▸ **Your goal**:
State how many lines in the following entries hold the word "tail". The reply is that number only.

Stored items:
# # # # # # #
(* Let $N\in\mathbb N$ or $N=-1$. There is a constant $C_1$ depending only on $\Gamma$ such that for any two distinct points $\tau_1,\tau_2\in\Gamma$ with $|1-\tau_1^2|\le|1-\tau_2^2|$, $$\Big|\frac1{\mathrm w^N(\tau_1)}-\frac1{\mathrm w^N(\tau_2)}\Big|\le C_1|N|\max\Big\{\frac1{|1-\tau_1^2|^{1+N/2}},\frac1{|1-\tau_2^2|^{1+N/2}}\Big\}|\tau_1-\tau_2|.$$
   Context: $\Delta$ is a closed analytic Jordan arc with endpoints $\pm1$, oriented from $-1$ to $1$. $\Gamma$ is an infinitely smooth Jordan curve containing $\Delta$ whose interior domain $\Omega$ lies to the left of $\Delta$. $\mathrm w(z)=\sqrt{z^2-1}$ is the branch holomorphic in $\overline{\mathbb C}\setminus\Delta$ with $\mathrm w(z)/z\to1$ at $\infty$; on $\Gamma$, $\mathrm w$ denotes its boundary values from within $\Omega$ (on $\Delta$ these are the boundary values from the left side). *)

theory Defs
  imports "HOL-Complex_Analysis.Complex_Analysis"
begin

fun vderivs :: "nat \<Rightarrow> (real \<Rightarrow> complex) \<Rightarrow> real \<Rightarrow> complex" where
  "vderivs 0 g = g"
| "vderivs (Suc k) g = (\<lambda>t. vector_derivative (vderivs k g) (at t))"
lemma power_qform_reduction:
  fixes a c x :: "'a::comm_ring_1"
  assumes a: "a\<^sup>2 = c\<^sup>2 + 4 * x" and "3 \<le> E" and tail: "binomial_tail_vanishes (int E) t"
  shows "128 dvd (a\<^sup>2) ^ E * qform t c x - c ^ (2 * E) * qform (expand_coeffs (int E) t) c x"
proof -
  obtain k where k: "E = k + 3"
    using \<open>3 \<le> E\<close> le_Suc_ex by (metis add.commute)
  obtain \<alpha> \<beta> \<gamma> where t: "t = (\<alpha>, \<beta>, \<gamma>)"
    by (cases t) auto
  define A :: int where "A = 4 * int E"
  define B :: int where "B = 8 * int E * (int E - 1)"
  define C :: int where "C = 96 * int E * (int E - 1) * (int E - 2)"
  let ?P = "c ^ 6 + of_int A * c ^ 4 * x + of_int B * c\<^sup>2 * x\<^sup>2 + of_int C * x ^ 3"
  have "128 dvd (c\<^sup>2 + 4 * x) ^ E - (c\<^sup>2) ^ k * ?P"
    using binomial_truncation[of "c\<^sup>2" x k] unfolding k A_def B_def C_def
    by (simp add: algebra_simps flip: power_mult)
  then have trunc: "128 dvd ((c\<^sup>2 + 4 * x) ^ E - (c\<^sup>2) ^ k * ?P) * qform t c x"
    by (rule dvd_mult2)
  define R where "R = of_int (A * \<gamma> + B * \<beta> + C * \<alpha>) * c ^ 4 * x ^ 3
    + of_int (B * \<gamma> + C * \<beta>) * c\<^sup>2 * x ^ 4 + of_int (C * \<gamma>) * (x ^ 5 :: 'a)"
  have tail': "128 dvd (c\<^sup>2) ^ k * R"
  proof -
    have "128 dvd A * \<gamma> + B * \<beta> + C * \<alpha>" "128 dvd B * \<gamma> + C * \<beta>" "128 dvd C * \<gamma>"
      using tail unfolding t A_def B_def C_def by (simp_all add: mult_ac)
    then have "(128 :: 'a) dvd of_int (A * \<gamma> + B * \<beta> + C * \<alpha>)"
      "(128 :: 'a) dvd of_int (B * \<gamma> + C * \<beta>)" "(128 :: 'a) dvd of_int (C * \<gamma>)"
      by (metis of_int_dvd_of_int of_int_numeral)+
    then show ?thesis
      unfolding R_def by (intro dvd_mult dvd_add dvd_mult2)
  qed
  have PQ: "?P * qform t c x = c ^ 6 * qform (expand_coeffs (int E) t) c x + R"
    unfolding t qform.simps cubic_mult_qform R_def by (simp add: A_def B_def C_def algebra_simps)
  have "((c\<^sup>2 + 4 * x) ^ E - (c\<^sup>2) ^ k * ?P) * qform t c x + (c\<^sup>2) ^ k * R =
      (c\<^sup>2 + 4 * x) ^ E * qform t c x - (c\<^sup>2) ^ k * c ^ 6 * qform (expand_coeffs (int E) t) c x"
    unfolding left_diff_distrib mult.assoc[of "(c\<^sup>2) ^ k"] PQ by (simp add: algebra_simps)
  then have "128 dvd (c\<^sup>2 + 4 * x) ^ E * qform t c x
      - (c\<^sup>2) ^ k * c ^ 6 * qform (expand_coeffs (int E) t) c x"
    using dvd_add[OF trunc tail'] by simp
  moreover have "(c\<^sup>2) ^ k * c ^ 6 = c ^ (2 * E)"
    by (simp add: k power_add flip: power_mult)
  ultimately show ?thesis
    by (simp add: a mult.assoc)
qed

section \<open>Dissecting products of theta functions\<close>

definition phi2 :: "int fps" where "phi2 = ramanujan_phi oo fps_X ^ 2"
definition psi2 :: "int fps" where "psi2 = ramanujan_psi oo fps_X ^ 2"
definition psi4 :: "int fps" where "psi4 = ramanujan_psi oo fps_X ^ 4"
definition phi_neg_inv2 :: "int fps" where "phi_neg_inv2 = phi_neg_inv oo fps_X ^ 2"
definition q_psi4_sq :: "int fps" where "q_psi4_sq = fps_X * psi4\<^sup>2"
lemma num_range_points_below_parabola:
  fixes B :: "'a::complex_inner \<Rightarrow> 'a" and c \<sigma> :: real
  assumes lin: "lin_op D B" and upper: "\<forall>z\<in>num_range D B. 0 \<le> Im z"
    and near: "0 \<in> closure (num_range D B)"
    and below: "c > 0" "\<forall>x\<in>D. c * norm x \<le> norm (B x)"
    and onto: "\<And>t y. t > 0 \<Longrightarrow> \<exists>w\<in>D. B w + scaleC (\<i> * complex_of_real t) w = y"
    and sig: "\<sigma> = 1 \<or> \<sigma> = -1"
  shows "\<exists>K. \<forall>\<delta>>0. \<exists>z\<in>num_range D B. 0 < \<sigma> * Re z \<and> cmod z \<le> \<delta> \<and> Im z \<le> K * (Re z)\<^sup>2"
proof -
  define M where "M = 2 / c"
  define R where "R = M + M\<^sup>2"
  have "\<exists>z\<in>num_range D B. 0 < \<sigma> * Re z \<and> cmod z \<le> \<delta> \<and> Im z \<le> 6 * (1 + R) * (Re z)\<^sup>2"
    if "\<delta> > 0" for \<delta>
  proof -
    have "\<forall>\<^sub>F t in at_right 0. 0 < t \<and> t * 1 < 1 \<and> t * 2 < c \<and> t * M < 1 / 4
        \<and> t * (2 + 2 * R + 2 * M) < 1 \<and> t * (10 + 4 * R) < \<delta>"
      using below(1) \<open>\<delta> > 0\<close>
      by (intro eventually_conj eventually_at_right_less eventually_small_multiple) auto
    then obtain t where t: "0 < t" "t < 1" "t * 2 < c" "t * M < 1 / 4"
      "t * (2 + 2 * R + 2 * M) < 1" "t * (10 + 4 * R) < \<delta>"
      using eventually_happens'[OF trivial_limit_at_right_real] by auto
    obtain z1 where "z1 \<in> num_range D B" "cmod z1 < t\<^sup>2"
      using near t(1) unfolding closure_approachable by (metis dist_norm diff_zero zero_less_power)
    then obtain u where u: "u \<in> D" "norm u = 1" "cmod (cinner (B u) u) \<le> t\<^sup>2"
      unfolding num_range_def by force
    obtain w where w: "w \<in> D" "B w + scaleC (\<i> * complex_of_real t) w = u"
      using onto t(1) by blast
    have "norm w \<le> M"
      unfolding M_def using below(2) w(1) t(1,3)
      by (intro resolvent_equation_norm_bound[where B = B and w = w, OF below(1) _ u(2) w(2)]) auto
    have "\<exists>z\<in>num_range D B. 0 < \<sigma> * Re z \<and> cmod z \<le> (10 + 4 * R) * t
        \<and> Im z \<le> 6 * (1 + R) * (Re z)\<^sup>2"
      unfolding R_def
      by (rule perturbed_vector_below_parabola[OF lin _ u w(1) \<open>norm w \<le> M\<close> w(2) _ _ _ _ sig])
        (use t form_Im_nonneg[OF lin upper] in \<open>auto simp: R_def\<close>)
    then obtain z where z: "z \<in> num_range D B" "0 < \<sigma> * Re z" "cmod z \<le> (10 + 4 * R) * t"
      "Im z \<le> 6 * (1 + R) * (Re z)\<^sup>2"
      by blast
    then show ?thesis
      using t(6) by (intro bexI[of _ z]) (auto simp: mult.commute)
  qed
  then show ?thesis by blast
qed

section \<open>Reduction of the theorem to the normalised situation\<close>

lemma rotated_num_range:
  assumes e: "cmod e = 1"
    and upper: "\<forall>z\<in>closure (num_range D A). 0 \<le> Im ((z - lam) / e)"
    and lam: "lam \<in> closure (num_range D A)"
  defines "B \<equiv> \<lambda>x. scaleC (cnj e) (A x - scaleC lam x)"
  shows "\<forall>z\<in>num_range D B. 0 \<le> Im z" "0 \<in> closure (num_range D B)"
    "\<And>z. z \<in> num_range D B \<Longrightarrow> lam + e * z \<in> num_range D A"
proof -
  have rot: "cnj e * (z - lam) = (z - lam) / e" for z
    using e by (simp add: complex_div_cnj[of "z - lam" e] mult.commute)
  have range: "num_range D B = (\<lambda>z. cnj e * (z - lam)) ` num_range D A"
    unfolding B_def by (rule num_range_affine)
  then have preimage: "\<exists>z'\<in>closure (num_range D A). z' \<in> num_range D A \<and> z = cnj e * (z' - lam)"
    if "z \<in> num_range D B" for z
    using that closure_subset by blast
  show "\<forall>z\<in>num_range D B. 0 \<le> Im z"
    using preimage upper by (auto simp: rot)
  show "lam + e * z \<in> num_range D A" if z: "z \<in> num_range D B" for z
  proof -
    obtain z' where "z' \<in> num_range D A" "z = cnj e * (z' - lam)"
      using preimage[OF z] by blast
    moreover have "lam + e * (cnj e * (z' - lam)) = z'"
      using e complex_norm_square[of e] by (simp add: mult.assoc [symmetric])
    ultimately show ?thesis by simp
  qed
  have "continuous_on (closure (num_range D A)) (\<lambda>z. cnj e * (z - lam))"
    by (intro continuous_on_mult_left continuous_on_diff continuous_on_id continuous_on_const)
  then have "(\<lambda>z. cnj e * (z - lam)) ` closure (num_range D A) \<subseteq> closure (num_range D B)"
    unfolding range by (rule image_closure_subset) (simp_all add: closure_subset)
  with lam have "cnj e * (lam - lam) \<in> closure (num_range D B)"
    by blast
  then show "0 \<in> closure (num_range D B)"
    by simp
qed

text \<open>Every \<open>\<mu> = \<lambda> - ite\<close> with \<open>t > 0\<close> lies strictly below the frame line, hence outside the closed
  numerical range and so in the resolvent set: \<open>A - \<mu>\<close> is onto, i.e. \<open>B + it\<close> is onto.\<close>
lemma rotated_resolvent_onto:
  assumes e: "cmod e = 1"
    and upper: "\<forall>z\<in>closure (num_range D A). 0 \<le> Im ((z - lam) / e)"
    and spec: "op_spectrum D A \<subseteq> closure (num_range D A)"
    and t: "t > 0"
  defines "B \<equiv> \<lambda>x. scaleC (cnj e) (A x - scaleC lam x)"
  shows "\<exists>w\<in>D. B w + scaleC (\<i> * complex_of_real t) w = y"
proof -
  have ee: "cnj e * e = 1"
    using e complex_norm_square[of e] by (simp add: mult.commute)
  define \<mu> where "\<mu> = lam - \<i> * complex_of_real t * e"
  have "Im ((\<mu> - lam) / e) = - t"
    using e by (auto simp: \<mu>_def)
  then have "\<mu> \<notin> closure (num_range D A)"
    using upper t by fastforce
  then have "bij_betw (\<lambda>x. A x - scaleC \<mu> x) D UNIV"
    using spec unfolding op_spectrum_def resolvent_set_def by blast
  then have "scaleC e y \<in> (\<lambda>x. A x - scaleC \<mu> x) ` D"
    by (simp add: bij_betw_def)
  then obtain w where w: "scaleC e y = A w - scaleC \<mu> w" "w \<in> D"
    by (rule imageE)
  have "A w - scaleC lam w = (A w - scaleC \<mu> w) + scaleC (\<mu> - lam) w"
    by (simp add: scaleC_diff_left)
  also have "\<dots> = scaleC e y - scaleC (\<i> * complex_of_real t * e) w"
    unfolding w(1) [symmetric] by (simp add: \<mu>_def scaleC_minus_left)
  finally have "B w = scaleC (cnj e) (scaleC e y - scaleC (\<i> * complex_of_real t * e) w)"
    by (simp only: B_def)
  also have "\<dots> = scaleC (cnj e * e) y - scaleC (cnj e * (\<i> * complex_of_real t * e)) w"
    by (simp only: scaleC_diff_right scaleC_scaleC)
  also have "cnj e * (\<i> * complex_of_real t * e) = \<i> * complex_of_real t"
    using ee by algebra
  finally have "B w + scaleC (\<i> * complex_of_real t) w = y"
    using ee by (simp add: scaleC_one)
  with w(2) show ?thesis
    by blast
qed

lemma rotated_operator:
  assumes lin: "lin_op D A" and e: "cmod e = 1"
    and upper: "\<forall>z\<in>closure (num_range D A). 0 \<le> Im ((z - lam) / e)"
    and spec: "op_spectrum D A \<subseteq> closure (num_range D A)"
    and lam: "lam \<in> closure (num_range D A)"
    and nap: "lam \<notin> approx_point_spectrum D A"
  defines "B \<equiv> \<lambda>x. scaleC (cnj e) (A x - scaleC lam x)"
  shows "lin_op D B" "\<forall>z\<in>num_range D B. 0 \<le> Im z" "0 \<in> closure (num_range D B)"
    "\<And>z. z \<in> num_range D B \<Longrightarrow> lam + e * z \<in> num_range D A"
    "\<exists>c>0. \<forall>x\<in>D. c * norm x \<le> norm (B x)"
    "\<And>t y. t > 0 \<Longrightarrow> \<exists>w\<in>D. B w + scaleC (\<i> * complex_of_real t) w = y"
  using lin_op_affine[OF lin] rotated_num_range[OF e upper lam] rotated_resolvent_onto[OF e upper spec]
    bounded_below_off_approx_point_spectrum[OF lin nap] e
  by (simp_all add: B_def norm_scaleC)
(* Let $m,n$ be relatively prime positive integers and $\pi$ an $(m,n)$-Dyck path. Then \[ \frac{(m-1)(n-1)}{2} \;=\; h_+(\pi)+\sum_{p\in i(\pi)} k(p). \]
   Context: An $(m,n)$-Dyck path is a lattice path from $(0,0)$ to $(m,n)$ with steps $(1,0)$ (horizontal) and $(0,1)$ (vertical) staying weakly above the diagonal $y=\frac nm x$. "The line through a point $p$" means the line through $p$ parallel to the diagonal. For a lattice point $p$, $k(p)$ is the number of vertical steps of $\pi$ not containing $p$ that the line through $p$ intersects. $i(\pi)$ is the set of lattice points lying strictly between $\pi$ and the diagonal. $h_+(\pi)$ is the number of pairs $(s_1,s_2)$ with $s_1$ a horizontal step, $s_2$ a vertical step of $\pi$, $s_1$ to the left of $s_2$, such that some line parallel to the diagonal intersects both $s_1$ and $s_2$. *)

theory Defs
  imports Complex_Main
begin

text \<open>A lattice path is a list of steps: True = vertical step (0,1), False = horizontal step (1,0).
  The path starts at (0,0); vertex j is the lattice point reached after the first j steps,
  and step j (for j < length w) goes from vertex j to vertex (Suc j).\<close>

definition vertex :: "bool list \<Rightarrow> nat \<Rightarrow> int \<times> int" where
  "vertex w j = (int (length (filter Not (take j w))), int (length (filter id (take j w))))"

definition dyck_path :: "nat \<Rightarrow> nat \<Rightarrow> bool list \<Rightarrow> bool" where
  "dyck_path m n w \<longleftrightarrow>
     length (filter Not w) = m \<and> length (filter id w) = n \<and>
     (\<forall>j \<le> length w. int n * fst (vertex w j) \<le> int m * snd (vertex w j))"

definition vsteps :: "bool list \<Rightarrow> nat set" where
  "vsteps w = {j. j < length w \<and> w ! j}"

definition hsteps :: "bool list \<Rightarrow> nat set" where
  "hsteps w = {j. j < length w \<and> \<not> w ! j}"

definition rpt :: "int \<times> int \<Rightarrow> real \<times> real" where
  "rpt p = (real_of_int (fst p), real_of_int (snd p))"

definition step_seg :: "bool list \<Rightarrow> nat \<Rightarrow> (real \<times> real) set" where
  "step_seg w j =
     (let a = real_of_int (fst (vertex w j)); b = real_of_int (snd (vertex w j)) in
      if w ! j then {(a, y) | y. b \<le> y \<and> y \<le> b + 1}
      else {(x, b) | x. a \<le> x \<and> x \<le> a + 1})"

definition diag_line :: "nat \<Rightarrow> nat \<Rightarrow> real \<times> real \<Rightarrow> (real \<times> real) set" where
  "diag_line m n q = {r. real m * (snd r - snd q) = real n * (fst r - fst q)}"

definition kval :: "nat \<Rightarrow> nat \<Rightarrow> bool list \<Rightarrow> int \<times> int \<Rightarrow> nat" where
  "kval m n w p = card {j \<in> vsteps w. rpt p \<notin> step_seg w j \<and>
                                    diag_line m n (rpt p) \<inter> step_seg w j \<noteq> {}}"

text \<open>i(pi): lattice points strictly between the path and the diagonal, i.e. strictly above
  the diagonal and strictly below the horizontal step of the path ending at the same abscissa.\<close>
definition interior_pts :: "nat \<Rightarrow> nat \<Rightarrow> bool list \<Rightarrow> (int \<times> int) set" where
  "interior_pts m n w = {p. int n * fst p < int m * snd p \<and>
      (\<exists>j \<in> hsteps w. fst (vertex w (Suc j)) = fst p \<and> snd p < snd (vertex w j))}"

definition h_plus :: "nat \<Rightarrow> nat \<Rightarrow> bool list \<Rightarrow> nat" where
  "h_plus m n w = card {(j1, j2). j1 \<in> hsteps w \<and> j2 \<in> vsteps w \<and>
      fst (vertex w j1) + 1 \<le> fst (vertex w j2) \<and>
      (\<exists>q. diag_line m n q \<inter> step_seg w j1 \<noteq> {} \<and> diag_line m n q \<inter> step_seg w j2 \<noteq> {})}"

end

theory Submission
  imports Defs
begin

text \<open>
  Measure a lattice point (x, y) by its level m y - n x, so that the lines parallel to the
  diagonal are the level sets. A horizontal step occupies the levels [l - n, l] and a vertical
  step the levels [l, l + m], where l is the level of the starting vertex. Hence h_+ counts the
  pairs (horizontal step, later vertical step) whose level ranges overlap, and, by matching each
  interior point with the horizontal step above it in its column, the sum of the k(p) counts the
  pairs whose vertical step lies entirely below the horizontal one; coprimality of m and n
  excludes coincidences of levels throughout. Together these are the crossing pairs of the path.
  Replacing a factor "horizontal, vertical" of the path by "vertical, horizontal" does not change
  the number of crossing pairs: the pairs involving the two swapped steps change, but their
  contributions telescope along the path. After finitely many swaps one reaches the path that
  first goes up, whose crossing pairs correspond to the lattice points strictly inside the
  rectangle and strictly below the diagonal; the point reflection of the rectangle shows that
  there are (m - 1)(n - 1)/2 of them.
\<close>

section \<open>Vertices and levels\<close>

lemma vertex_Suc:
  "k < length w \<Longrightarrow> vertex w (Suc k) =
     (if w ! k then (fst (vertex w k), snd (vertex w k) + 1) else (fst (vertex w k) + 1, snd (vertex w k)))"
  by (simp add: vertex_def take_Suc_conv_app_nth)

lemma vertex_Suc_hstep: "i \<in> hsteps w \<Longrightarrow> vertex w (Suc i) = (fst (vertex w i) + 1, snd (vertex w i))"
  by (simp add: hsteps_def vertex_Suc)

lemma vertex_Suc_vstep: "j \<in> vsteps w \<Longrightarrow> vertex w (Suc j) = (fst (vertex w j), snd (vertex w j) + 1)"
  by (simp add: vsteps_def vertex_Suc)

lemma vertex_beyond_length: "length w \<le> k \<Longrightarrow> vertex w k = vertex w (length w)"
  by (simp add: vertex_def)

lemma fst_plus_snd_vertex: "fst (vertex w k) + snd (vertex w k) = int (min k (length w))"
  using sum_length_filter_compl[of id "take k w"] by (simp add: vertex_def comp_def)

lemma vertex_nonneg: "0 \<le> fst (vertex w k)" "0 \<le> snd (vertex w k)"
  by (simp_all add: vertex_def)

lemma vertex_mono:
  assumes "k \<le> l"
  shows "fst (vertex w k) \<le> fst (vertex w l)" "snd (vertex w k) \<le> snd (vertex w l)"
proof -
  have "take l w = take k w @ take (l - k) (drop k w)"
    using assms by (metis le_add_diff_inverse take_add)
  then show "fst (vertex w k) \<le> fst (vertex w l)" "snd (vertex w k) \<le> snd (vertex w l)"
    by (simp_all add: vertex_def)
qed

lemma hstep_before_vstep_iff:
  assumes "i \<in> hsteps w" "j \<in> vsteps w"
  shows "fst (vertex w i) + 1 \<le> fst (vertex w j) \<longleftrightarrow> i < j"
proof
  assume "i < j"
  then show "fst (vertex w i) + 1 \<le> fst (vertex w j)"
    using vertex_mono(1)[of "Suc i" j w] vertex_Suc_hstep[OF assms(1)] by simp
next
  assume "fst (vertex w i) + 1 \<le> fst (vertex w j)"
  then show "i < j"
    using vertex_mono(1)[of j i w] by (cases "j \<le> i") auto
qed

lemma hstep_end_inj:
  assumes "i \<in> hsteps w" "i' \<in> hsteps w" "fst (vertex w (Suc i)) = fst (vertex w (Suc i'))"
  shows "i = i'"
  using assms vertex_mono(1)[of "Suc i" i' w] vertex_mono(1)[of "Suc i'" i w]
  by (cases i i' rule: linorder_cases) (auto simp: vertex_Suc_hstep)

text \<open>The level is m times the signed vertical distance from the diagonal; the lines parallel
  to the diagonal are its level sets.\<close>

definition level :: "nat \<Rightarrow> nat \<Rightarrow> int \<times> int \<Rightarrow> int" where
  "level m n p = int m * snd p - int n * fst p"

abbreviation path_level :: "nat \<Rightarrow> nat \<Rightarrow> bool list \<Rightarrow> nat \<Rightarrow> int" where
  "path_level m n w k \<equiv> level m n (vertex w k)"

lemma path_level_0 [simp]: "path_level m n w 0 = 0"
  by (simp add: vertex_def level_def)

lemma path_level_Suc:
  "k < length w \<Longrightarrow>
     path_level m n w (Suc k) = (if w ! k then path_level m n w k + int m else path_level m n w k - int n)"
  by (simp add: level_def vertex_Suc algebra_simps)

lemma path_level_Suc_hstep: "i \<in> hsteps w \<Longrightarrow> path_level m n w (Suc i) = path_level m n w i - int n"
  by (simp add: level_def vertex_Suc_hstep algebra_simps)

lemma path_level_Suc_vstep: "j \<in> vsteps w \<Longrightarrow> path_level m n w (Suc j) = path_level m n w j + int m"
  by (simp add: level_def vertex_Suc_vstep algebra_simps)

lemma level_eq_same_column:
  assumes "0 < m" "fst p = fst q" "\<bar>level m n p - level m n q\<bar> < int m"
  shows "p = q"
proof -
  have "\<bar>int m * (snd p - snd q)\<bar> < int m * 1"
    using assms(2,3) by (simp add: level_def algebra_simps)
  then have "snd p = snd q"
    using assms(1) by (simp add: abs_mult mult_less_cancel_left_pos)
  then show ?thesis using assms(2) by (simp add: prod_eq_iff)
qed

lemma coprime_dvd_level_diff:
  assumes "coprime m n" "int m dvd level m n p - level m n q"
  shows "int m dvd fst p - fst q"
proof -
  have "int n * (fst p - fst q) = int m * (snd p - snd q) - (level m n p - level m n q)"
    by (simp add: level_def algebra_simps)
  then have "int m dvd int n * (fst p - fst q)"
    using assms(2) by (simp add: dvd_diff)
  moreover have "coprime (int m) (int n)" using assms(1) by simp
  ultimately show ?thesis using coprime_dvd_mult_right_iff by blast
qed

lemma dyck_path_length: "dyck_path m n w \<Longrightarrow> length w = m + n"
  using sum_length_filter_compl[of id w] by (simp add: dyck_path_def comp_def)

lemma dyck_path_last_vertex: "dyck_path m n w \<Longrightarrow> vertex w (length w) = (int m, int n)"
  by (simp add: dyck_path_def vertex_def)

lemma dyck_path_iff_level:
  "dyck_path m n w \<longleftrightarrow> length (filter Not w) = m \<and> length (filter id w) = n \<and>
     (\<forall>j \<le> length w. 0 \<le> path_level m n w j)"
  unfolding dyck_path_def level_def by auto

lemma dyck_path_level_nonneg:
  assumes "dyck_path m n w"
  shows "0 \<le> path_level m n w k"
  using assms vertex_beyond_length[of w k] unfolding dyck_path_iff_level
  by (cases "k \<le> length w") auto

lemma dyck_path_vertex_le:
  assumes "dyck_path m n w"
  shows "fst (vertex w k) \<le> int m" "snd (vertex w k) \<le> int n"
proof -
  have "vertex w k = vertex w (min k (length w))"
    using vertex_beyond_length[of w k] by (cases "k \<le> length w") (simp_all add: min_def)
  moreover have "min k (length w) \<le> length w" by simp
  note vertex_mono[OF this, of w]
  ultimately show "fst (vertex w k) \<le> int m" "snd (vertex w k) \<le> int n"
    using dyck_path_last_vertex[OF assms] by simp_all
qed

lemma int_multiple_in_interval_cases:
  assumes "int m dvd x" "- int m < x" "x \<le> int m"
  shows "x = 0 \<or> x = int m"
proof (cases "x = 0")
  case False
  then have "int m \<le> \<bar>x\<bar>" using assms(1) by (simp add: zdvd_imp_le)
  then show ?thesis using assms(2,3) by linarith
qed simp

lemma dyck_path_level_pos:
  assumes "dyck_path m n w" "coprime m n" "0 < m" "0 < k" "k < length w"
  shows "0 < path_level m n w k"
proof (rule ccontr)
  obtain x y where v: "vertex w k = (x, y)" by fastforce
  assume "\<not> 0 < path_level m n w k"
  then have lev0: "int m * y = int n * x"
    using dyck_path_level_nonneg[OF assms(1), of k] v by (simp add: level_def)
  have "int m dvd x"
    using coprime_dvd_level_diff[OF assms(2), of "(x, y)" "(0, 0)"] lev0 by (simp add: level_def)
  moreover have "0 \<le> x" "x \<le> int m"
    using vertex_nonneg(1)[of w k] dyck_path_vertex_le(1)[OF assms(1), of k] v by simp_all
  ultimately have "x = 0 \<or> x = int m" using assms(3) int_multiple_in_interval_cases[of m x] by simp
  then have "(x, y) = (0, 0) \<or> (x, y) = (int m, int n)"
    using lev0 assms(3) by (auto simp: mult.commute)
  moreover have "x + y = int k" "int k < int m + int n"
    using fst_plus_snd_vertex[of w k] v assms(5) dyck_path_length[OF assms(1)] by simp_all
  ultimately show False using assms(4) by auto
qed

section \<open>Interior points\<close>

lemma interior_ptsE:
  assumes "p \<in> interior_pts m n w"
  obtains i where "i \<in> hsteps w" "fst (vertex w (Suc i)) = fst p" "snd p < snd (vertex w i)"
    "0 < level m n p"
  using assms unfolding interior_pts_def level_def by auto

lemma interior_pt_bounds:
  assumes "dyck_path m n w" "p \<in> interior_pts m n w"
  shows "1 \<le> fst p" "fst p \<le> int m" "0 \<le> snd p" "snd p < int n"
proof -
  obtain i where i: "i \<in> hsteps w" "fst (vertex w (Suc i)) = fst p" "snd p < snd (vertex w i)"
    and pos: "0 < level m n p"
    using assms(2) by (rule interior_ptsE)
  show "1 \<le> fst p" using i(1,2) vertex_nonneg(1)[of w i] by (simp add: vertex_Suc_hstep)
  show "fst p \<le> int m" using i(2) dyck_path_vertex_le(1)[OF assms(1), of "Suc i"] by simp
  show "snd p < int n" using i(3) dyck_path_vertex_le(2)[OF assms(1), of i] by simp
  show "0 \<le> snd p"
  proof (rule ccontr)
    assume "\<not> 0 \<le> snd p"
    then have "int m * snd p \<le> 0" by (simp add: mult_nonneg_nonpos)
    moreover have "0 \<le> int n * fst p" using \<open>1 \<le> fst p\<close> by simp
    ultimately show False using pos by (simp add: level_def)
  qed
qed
# # # # # # #
▸ **Written response**:
4